You should see output in the qjail one console.

## try it from jail two

This should also work.

Code:

root@continuity /usr# qjail console two
FreeBSD 11.1-RELEASE-p4 (GENERIC) #0: Tue Nov 14 06:12:40 UTC 2017
Welcome to your FreeBSD jail.
two /root >echo helloooo | nc 10.241.0.1 12345
^C

I'd try this first with a cloned lo1 to confirm there are no firewalls or NAT or whatever getting in the way, and then
re-try using your em0, no reason why this shouldn't work. The main difference for me between a failing config
and a working one is that without specifying the interface at creation time, stuff fails. I noted that qjail seems to
need to have the IPs already available on the interface or the creation silently fails. This could be my bad as
I literally read the manpage the first time today.

salimoneus · Feb 19, 2018

When I created the jails I did not use loopback in the qjail create command I just specified the physical interface (em0) for both:

Code:

qjail create -4 192.168.1.99 -n em0 two
qjail create -4 192.168.1.98 -n em0 one

The ifconfig from the host is in the OP, and here is the jail list:

Code:

JID  IP Address      Hostname                      Path
2  192.168.1.99    two                       /usr/jails/two
4  192.168.1.98    one                       /usr/jails/one


STATUS JID  NIC    IP              Jailname
------ ---- ------ --------------- --------------------------------------------
DR     4    em0    192.168.1.98    one
DR     2    em0    192.168.1.99    two

The jails were created successfully, and all communication with the internet and other systems on that subnet work as expected. I'm also able to connect to apache running on one of the jails from the internet using pf rdr rules as expected.
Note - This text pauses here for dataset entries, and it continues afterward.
lemma sum_ceiling_levels_eq_middle_levels:
  assumes "k \<le> n"
  shows "(\<Sum>r<k. int (n choose nat \<lceil>(real n - real k + 1 + 2 * real r) / 2\<rceil>))
    = int (\<Sum>m\<in>middle_levels n k. n choose m)"
proof -
  have "nat \<lceil>(real n - real k + 1 + 2 * real r) / 2\<rceil> = r + (n + 2 - k) div 2" for r
    using nat_ceiling_half[of "n + 1 + 2 * r - k"] assms by (simp add: of_nat_diff algebra_simps)
  moreover have "middle_levels n k = {0 + (n + 2 - k) div 2..<k + (n + 2 - k) div 2}"
    by (simp add: middle_levels_def add.commute)
  then have "(\<Sum>m\<in>middle_levels n k. n choose m) = (\<Sum>r<k. n choose (r + (n + 2 - k) div 2))"
    by (simp only: sum.shift_bounds_nat_ivl atLeast0LessThan)
  ultimately show ?thesis
    by simp
qed

theorem mainTheorem8:
  fixes k :: nat
  assumes "k \<ge> 1"
  shows "\<exists>n0::nat. \<forall>n \<ge> n0. \<forall>(t::int) (S::nat set set).
    S \<subseteq> Pow {1..n} \<and>
    int (card S) \<ge> (\<Sum>r<k. int (n choose nat \<lceil>(real n - real k + 1 + 2 * real r) / 2\<rceil>)) + t
    \<longrightarrow> int (comp S) \<ge> t * int (nat \<lceil>(real n + real k) / 2\<rceil> choose k)"
proof (intro exI[of _ "6 * k + 2"] allI impI, elim conjE)
  fix n :: nat and t :: int and S :: "nat set set"
  assume n: "n \<ge> 6 * k + 2" and S: "S \<subseteq> Pow {1..n}"
    and card: "int (card S) \<ge> (\<Sum>r<k. int (n choose nat \<lceil>(real n - real k + 1 + 2 * real r) / 2\<rceil>)) + t"
  define D where "D = (n + k + 1) div 2 choose k"
  define M where "M = (\<Sum>m\<in>middle_levels n k. n choose m)"
  have "D * card S \<le> D * M + comp S"
    using mult_card_le_middle_levels_plus_comp[OF assms n _ _ S] unfolding D_def M_def by simp
  then have "int D * (int (card S) - int M) \<le> int (comp S)"
    by (simp add: algebra_simps flip: of_nat_mult of_nat_add)
  moreover have "t \<le> int (card S) - int M"
    using card sum_ceiling_levels_eq_middle_levels[of k n] n unfolding M_def by simp
  ultimately have "t * int D \<le> int (comp S)"
    by (smt (verit) mult.commute mult_left_mono of_nat_0_le_iff)
  then show "int (comp S) \<ge> t * int (nat \<lceil>(real n + real k) / 2\<rceil> choose k)"
    using nat_ceiling_half[of "n + k"] by (simp add: D_def)
qed

end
It's only the communication between jails that seems to be an issue. Having a bit of a hard time understanding how or why loopback would be needed in this scenario, but it sounds like you had success doing it that way?

I will give that a try by archiving my current jails and re-doing them using the loopback. Are there any drawbacks using this method, compared to strictly using the physical interface?

chrbr · Feb 19, 2018

Dear salimoneus,
to exclude the firewall from the list of culprins
- you could increase the verbosity of the firewall and check its log
- or run a short test with firewall completely open.

dch · Feb 19, 2018

salimoneus I only used a loopback as I didn't want to bork the machine in question, its a remote one, and I already
had the aliases set up.

+1 to chrbr 's suggestions. See https://www.freebsd.org/cgi/man.cgi?query=pf.conf and specifically add the /log/ keyword to any
rules you have in place that are blocking packets. If you can, disable the firewall and check if the connectivity changes. Your qjail
setup seems legit and the ifconfig seems correct too.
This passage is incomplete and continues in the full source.